(Extracted material)

lemma hook_formula_add_part_telescope:
  assumes "finite P" "0 \<notin> P" "a = 0 \<or> a \<in> P" "Suc a \<notin> P"
  defines "Q \<equiv> P - {a}"
  shows "hook_formula P / hook_formula (insert (Suc a) Q)
     = prod (choose2_diff (Suc a)) (Q - Suc ` Q) / prod (choose2_diff (Suc a)) (Suc ` Q - Q) / real (Suc a)"
proof -
  define g where "g = choose2_diff (Suc a)"
  define A where "A = (\<Prod>q\<in>Q. (real a + real q) / \<bar>real a - real q\<bar>)"
  define B where "B = (\<Prod>q\<in>Q. (real (Suc a) + real q) / \<bar>real (Suc a) - real q\<bar>)"
  have Q: "finite Q" "a \<notin> Q" "Suc a \<notin> Q" "0 \<notin> Q" using assms(1,2,4) by (auto simp: Q_def)
  have "hook_formula P = hook_formula (insert a Q)"
    using assms(3) Q(1) assms(2) by (auto simp: Q_def insert_absorb hook_formula_insert_0)
  also have "\<dots> = fact a * A * hook_formula Q" unfolding A_def using Q(1,2) by (rule hook_formula_insert)
  finally have P: "hook_formula P = fact a * A * hook_formula Q" .
  have x: "hook_formula (insert (Suc a) Q) = fact (Suc a) * B * hook_formula Q"
    unfolding B_def using Q(1,3) by (rule hook_formula_insert)
  have "B \<noteq> 0" using Q unfolding B_def by (auto simp: prod_zero_iff simp del: of_nat_Suc)
  moreover have "0 < hook_formula Q" "fact (Suc a) = real (Suc a) * fact a" "(0::real) < fact a"
    using hook_formula_pos[OF Q(1)] by simp_all
  ultimately have "hook_formula P / hook_formula (insert (Suc a) Q) = A / B / real (Suc a)"
    unfolding P x by (simp del: of_nat_Suc fact_Suc)
  also have "A / B = (\<Prod>q\<in>Q. g q / g (Suc q))"
    unfolding A_def B_def g_def prod_dividef[symmetric] using Q
    by (intro prod.cong[OF refl] hook_factor_ratio) auto
  also have "\<dots> = prod g (Q - Suc ` Q) / prod g (Suc ` Q - Q)"
    using Q by (intro prod_telescope) (auto simp: g_def choose2_diff_eq_0_iff)
  finally show ?thesis unfolding g_def .
qed

lemma hook_formula_add_part:
  assumes "finite P" "0 \<notin> P" "a = 0 \<or> a \<in> P" "Suc a \<notin> P"
  shows "hook_formula P / hook_formula (insert (Suc a) (P - {a}))
     = (if a = 0 then 1 else 1 / 2) *
       (prod (choose2_diff (Suc a)) (outer_corner_contents P)
        / prod (choose2_diff (Suc a)) (inner_corner_contents P - {Suc a}))"
proof (cases "a = 0")
  case True
  have "Suc ` P - P = inner_corner_contents P - {1}"
    using assms(2) by (auto simp: inner_corner_contents_def)
  then show ?thesis
    using hook_formula_add_part_telescope[OF assms] True assms(2)
    by (simp add: outer_corner_contents_def)
next
  case False
  define g where "g = choose2_diff (Suc a)"
  define Q where "Q = P - {a}"
  define R where "R = prod g (Suc ` P - P - {Suc a})"
  have a: "a \<in> P" "0 < a" using assms(3) False by auto
  have fin: "finite (Suc ` P - P - {Suc a})" "finite (Suc ` Q - Q)" using assms(1) by (auto simp: Q_def)
  have "R \<noteq> 0" using fin(1) assms(2) by (auto simp: R_def g_def prod_zero_iff choose2_diff_eq_0_iff)
  moreover have "prod g (Suc ` Q - Q) \<noteq> 0"
    using fin(2) assms(2,4) by (auto simp: Q_def g_def prod_zero_iff choose2_diff_eq_0_iff)
  moreover have "prod g (Q - Suc ` Q) * (g a * R) = prod g (outer_corner_contents P) * prod g (Suc ` Q - Q)"
    unfolding R_def Q_def outer_corner_contents_def using assms(1) a(1) assms(4) by (rule prod_Diff_Suc_image_remove)
  moreover have "prod g (inner_corner_contents P - {Suc a}) = g 1 * R"
  proof -
    have "inner_corner_contents P - {Suc a} = insert 1 (Suc ` P - P - {Suc a})"
      using a assms(2) by (auto simp: inner_corner_contents_def)
    moreover have "1 \<notin> Suc ` P - P - {Suc a}" using assms(2) by auto
    ultimately show ?thesis using fin(1) by (simp add: R_def)
  qed
  moreover have "g a = real a" "g 1 = real a * real (Suc a) / 2"
    by (simp_all add: g_def choose2_diff_eq field_simps)
  moreover have "g 1 \<noteq> 0" using a(2) by (simp add: g_def choose2_diff_eq_0_iff)
  ultimately have "prod g (Q - Suc ` Q) / prod g (Suc ` Q - Q) / real (Suc a)
      = 1 / 2 * (prod g (outer_corner_contents P) / prod g (inner_corner_contents P - {Suc a}))"
    using a(2) by (simp add: divide_simps del: of_nat_Suc) (simp add: mult_ac)
  then show ?thesis
    using hook_formula_add_part_telescope[OF assms] False unfolding g_def Q_def by simp
qed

(End Extracted material)

What to produce: From the entries above, print the lines beginning at the one with "unfolding B_def using" and stopping after the one with "using hook_formula_pos[OF Q(1)]", exactly as written and with nothing else.

Answer for this exercise:
    unfolding B_def using Q(1,3) by (rule hook_formula_insert)
  have "B \<noteq> 0" using Q unfolding B_def by (auto simp: prod_zero_iff simp del: of_nat_Suc)
  moreover have "0 < hook_formula Q" "fact (Suc a) = real (Suc a) * fact a" "(0::real) < fact a"
    using hook_formula_pos[OF Q(1)] by simp_all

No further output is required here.